Also known as: CCND1/IGH translocation testing, mantle cell lymphoma detection

Molecular analysis to detect CCND1/IGH translocation, a hallmark chromosomal abnormality in mantle cell lymphoma.

In Plain Language

lymphoma gene test; blood cancer translocation detection

Clinical Context

Used to confirm diagnosis of mantle cell lymphoma and assess prognosis, as CCND1/IGH translocation is present in approximately 95 percent of mantle cell lymphoma cases.

RVU Information

CPT 81168 does not have a physician work RVU assigned by CMS. Reimbursement for this code is determined by payer-specific fee schedules.

Billing & Documentation

Lab and pathology codes require an order from the treating provider with clinical indication.

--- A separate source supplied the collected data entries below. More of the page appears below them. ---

(* Suppose assumption (C) below holds. Fix $k\ge3$ and let $\mathcal U_k$ be the set from (C); for a scalar $T$ (tensor of order $0$) define $\|T\|_{\mathcal U_k}=|T|$. Then for any $\varepsilon>0$ there exists $C\equiv C(\varepsilon,k)>0$ such that for all $i\in[N]$, all $0\le m\le k$, all $\mathbf s_1,\dots,\mathbf s_m\in\mathbb C^n$ and all $T\in(\mathbb C^n)^{\otimes k-m}$, \[|\langle\kappa_k(\mathbf g_i),\mathbf s_1\otimes\cdots\otimes\mathbf s_m\otimes T\rangle|\le Cn^{\varepsilon}(\sqrt n)^{k-m}\|T\|_{\mathcal U_k}\prod_{t=1}^m\|\mathbf s_t\|_2.\]
   Context: $\mathbf g_1,\dots,\mathbf g_N\in\mathbb R^n$ are random vectors with finite moments (indexed by $N$, $n=n(N)$). $\langle\cdot,\cdot\rangle$ denotes the non-conjugate (bilinear) scalar product on $(\mathbb C^n)^{\otimes k}$. $\kappa_k(\mathbf g_i)\in(\mathbb R^n)^{\otimes k}$ is the $k$-th cumulant tensor, with entries the mixed cumulants $\kappa_k(\mathbf e_{\alpha_1}^*\mathbf g_i,\dots,\mathbf e_{\alpha_k}^*\mathbf g_i)$. For $\mathcal U\subseteq\mathbb R^n$ and $T$ of order $k\ge1$, $\|T\|_{\mathcal U}=\sup_{\mathbf x_1,\dots,\mathbf x_k\in\mathcal U}|\langle\mathbf x_1\otimes\cdots\otimes\mathbf x_k,T\rangle|$. (C): for each $k\ge3$ there exist $C_k>0$ and a deterministic $\mathcal U_k\subset\mathbb R^n$ with $\{\mathbf e_1,\dots,\mathbf e_n\}\subseteq\mathcal U_k$, $|\mathcal U_k|\le n^{C_k}$, $\|\mathbf x\|_2\le C_k$ for all $\mathbf x\in\mathcal U_k$, such that for any $\varepsilon>0$ there is $C(\varepsilon,k)$ with, for each $i$, $m\in\{1,\dots,k-1\}$, $\mathbf s_1,\dots,\mathbf s_m\in\mathbb R^n$, $T\in(\mathbb R^n)^{\otimes k-m}$: $|\langle\kappa_k(\mathbf g_i),\mathbf s_1\otimes\cdots\otimes\mathbf s_m\otimes T\rangle|\le Cn^\varepsilon(\sqrt n)^{k-m-1}\|T\|_{\mathcal U_k}\prod_t\|\mathbf s_t\|_2$. *)

theory Defs
  imports "HOL-Probability.Probability" "HOL-Library.Disjoint_Sets"
begin

(* Vectors in K^n are represented as functions nat => K, only coordinates j < n matter.
   Tensors of order r in (K^n)^{\<otimes> r} are functions on index lists alpha of length r
   with entries < n. *)

definition idx :: "nat \<Rightarrow> nat \<Rightarrow> nat list set" where
  "idx n r = {\<alpha>. length \<alpha> = r \<and> set \<alpha> \<subseteq> {..<n}}"

(* non-conjugate bilinear scalar product on (K^n)^{\<otimes> r} *)
definition tpair :: "nat \<Rightarrow> nat \<Rightarrow> (nat list \<Rightarrow> 'a::comm_semiring_1) \<Rightarrow> (nat list \<Rightarrow> 'a) \<Rightarrow> 'a" where
  "tpair n r A B = (\<Sum>\<alpha>\<in>idx n r. A \<alpha> * B \<alpha>)"

definition tprod :: "nat \<Rightarrow> (nat \<Rightarrow> nat \<Rightarrow> 'a::comm_semiring_1) \<Rightarrow> (nat list \<Rightarrow> 'a) \<Rightarrow> nat list \<Rightarrow> 'a" where
  "tprod m s T = (\<lambda>\<alpha>. (\<Prod>t<m. s t (\<alpha> ! t)) * T (drop m \<alpha>))"

definition vprod :: "nat \<Rightarrow> (nat \<Rightarrow> nat \<Rightarrow> 'a::comm_semiring_1) \<Rightarrow> nat list \<Rightarrow> 'a" where
  "vprod r x = (\<lambda>\<alpha>. \<Prod>j<r. x j (\<alpha> ! j))"

definition vnorm2 :: "nat \<Rightarrow> (nat \<Rightarrow> 'a::real_normed_vector) \<Rightarrow> real" where
  "vnorm2 n s = sqrt (\<Sum>j<n. (norm (s j))^2)"

definition unorm :: "nat \<Rightarrow> (nat \<Rightarrow> real) set \<Rightarrow> nat \<Rightarrow> (nat list \<Rightarrow> 'a::{real_normed_algebra_1,comm_ring_1}) \<Rightarrow> real" where
  "unorm n U r T = Sup {norm (tpair n r (vprod r (\<lambda>j l. of_real (x j l))) T) | x. \<forall>j<r. x j \<in> U}"

definition evec :: "nat \<Rightarrow> nat \<Rightarrow> real" where
  "evec j = (\<lambda>l. if l = j then 1 else 0)"

definition mixed_cumulant :: "'w measure \<Rightarrow> nat \<Rightarrow> (nat \<Rightarrow> 'w \<Rightarrow> real) \<Rightarrow> real" where
  "mixed_cumulant M k X =
     (\<Sum>P\<in>{P. partition_on {..<k} P}.
        (-1) ^ (card P - 1) * fact (card P - 1) * (\<Prod>B\<in>P. integral\<^sup>L M (\<lambda>\<omega>. \<Prod>j\<in>B. X j \<omega>)))"

definition cumulant_tensor :: "'w measure \<Rightarrow> nat \<Rightarrow> ('w \<Rightarrow> nat \<Rightarrow> real) \<Rightarrow> nat list \<Rightarrow> real" where
  "cumulant_tensor M k g = (\<lambda>\<alpha>. mixed_cumulant M k (\<lambda>j \<omega>. g \<omega> (\<alpha> ! j)))"

definition random_vectors_setting ::
  "(nat \<Rightarrow> 'w measure) \<Rightarrow> (nat \<Rightarrow> nat) \<Rightarrow> (nat \<Rightarrow> nat \<Rightarrow> 'w \<Rightarrow> nat \<Rightarrow> real) \<Rightarrow> bool" where
  "random_vectors_setting M n g \<longleftrightarrow>
     (\<forall>N. prob_space (M N) \<and>
        (\<forall>i\<in>{1..N}. \<forall>\<alpha><n N.
           (\<lambda>\<omega>. g N i \<omega> \<alpha>) \<in> borel_measurable (M N) \<and>
           (\<forall>p::nat. integrable (M N) (\<lambda>\<omega>. \<bar>g N i \<omega> \<alpha>\<bar> ^ p))))"

(* Assumption (C) for a fixed k, with witnesses Ck and U (U N is the set U_k for dimension n N). *)
definition C_witness ::
  "(nat \<Rightarrow> 'w measure) \<Rightarrow> (nat \<Rightarrow> nat) \<Rightarrow> (nat \<Rightarrow> nat \<Rightarrow> 'w \<Rightarrow> nat \<Rightarrow> real)
    \<Rightarrow> nat \<Rightarrow> real \<Rightarrow> (nat \<Rightarrow> (nat \<Rightarrow> real) set) \<Rightarrow> bool" where
  "C_witness M n g k Ck U \<longleftrightarrow>
     Ck > 0 \<and>
     (\<forall>N. finite (U N) \<and> U N \<subseteq> {x. \<forall>l\<ge>n N. x l = 0} \<and>
          evec ` {..<n N} \<subseteq> U N \<and>
          real (card (U N)) \<le> real (n N) powr Ck \<and>
          (\<forall>x\<in>U N. vnorm2 (n N) x \<le> Ck)) \<and>
     (\<forall>\<epsilon>>0. \<exists>C. \<forall>N. \<forall>i\<in>{1..N}. \<forall>m\<in>{1..k-1}.
        \<forall>(s::nat \<Rightarrow> nat \<Rightarrow> real) (T::nat list \<Rightarrow> real).
          \<bar>tpair (n N) k (cumulant_tensor (M N) k (g N i)) (tprod m s T)\<bar>
            \<le> C * real (n N) powr \<epsilon> * sqrt (real (n N)) ^ (k - m - 1)
                * unorm (n N) (U N) (k - m) T * (\<Prod>t<m. vnorm2 (n N) (s t)))"

definition assumption_C ::
  "(nat \<Rightarrow> 'w measure) \<Rightarrow> (nat \<Rightarrow> nat) \<Rightarrow> (nat \<Rightarrow> nat \<Rightarrow> 'w \<Rightarrow> nat \<Rightarrow> real) \<Rightarrow> bool" where
  "assumption_C M n g \<longleftrightarrow> (\<forall>k\<ge>3. \<exists>Ck U. C_witness M n g k Ck U)"

end

theory Submission
  imports Defs
begin

text \<open>
  Assumption (C) bounds the pairing of the cumulant tensor with \<open>s\<^sub>1 \<otimes> \<dots> \<otimes> s\<^sub>m \<otimes> T\<close>
  only for \<open>1 \<le> m \<le> k - 1\<close>, but with one power of \<open>\<surd>n\<close> to spare; the extreme cases are
  reduced to these. For \<open>m = 0\<close>, expand \<open>T = \<Sum>\<^sub>j e\<^sub>j \<otimes> T\<^sub>j\<close> along its first index. As
  \<open>e\<^sub>j \<in> U\<close>, each slice has \<open>\<parallel>T\<^sub>j\<parallel>\<^sub>U \<le> \<parallel>T\<parallel>\<^sub>U\<close>, so the case \<open>m = 1\<close> bounds each of the
  \<open>n = \<surd>n\<^sup>2\<close> terms by \<open>\<surd>n\<^bsup>k-2\<^esup> \<parallel>T\<parallel>\<^sub>U\<close>. For \<open>m = k\<close>, absorb \<open>s\<^sub>k\<close> into the scalar \<open>T\<close>:
  by Cauchy-Schwarz the vector \<open>T s\<^sub>k\<close> has \<open>U\<close>-norm at most \<open>C\<^sub>k \<parallel>s\<^sub>k\<parallel>\<^sub>2 \<bar>T\<bar>\<close>, and the case
  \<open>m = k - 1\<close> applies. Complex data are split into real and imaginary parts: multilinearity
  turns the pairing into \<open>2\<^bsup>m+1\<^esup>\<close> real pairings, none with larger norms.
\<close>

lemma idx_0 [simp]: "idx n 0 = {[]}"
  unfolding idx_def by auto

lemma idx_0_dim: "0 < r \<Longrightarrow> idx 0 r = {}"
  unfolding idx_def by auto

lemma sum_idx_Suc: "(\<Sum>\<alpha>\<in>idx n (Suc r). f \<alpha>) = (\<Sum>a<n. \<Sum>\<beta>\<in>idx n r. f (a # \<beta>))"
proof -
  have idx_Suc: "idx n (Suc r) = (\<lambda>(a, \<beta>). a # \<beta>) ` ({..<n} \<times> idx n r)"
    by (auto simp: idx_def image_iff length_Suc_conv)
  have "inj_on (\<lambda>(a, \<beta>). a # \<beta>) ({..<n} \<times> idx n r)"
    by (auto simp: inj_on_def)
  then show ?thesis
    unfolding idx_Suc by (simp add: sum.reindex sum.cartesian_product split_def)
qed

lemma tpair_0: "tpair n 0 A B = A [] * B []"
  unfolding tpair_def by simp

lemma tprod_0: "tprod 0 s T = T"
  unfolding tprod_def by simp

lemma vprod_Suc: "vprod (Suc r) x (a # \<beta>) = x 0 a * vprod r (\<lambda>j. x (Suc j)) \<beta>"
  unfolding vprod_def by (subst prod.lessThan_Suc_shift) simp

lemma vprod_of_real: "vprod r (\<lambda>j l. of_real (x j l)) = (\<lambda>\<alpha>. of_real (vprod r x \<alpha>))"
  unfolding vprod_def by simp

lemma sum_evec_mult: "j < n \<Longrightarrow> (\<Sum>a<n. evec j a * f a) = (f j :: real)"
  by (simp add: evec_def if_distrib[of "\<lambda>c. c * _"] cong: if_cong)

lemma vnorm2_nonneg: "0 \<le> vnorm2 n s"
  unfolding vnorm2_def by (simp add: sum_nonneg)

lemma vnorm2_evec: "j < n \<Longrightarrow> vnorm2 n (evec j) = 1"
  unfolding vnorm2_def evec_def by (simp add: if_distrib[of "\<lambda>c. c\<^sup>2"] cong: if_cong)

lemma vnorm2_mono:
  assumes "\<And>l. norm (f l) \<le> norm (g l)"
  shows "vnorm2 n f \<le> vnorm2 n g"
  unfolding vnorm2_def
  by (intro real_sqrt_le_mono sum_mono power_mono assms norm_ge_zero)

lemma abs_sum_mult_le_vnorm2: "\<bar>\<Sum>a<n. f a * g a\<bar> \<le> vnorm2 n f * vnorm2 n (g :: nat \<Rightarrow> real)"
proof -
  have "\<bar>\<Sum>a<n. f a * g a\<bar> \<le> (\<Sum>a<n. \<bar>f a\<bar> * \<bar>g a\<bar>)"
    by (rule order_trans[OF sum_abs]) (simp add: abs_mult)
  also have "\<dots> \<le> L2_set f {..<n} * L2_set g {..<n}"
    by (rule L2_set_mult_ineq)
  finally show ?thesis
    by (simp add: vnorm2_def L2_set_def)
qed

lemma unorm_upper:
  fixes T :: "nat list \<Rightarrow> 'a::{real_normed_algebra_1,comm_ring_1}"
  assumes "finite U" "\<forall>j<r. x j \<in> U"
  shows "norm (tpair n r (vprod r (\<lambda>j l. of_real (x j l))) T) \<le> unorm n U r T"
proof -
  let ?f = "\<lambda>x. norm (tpair n r (vprod r (\<lambda>j l. of_real (x j l))) T)"
  have "{?f x | x. \<forall>j<r. x j \<in> U} \<subseteq> ?f ` PiE {..<r} (\<lambda>_. U)"
  proof clarify
    fix x assume x: "\<forall>j<r. x j \<in> U"
    have "?f x = ?f (restrict x {..<r})"
      unfolding vprod_def by (metis (no_types, lifting) prod.cong restrict_apply')
    with x show "?f x \<in> ?f ` PiE {..<r} (\<lambda>_. U)"
      by (intro image_eqI[of _ _ "restrict x {..<r}"]) auto
  qed
  then have "finite {?f x | x. \<forall>j<r. x j \<in> U}"
    by (rule finite_subset) (simp add: assms(1) finite_PiE)
  then show ?thesis
    unfolding unorm_def using assms(2) by (intro cSup_upper bdd_above_finite) auto
qed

For molecular pathology and genetic testing, document the specific analytes tested and clinical rationale.

How This Code Compares

This code has a work RVU of 0.00, meaning it does not have a physician work component assigned by CMS. In the Pathology & Lab category, 94% of codes share this characteristic.

Specialties

OncologyPathologyHematology

Frequently Asked Questions

What is CPT code 81168?

CPT 81168 (Ccnd1/igh translocation alys) is a Pathology & Lab code. Molecular analysis to detect CCND1/IGH translocation, a hallmark chromosomal abnormality in mantle cell lymphoma.

Who uses CPT code 81168?

CPT 81168 is used by Oncology, Pathology, Hematology. Used to confirm diagnosis of mantle cell lymphoma and assess prognosis, as CCND1/IGH translocation is present in approximately 95 percent of mantle cell lymphoma cases.

When is CPT 81168 used?

Used to confirm diagnosis of mantle cell lymphoma and assess prognosis, as CCND1/IGH translocation is present in approximately 95 percent of mantle cell lymphoma cases.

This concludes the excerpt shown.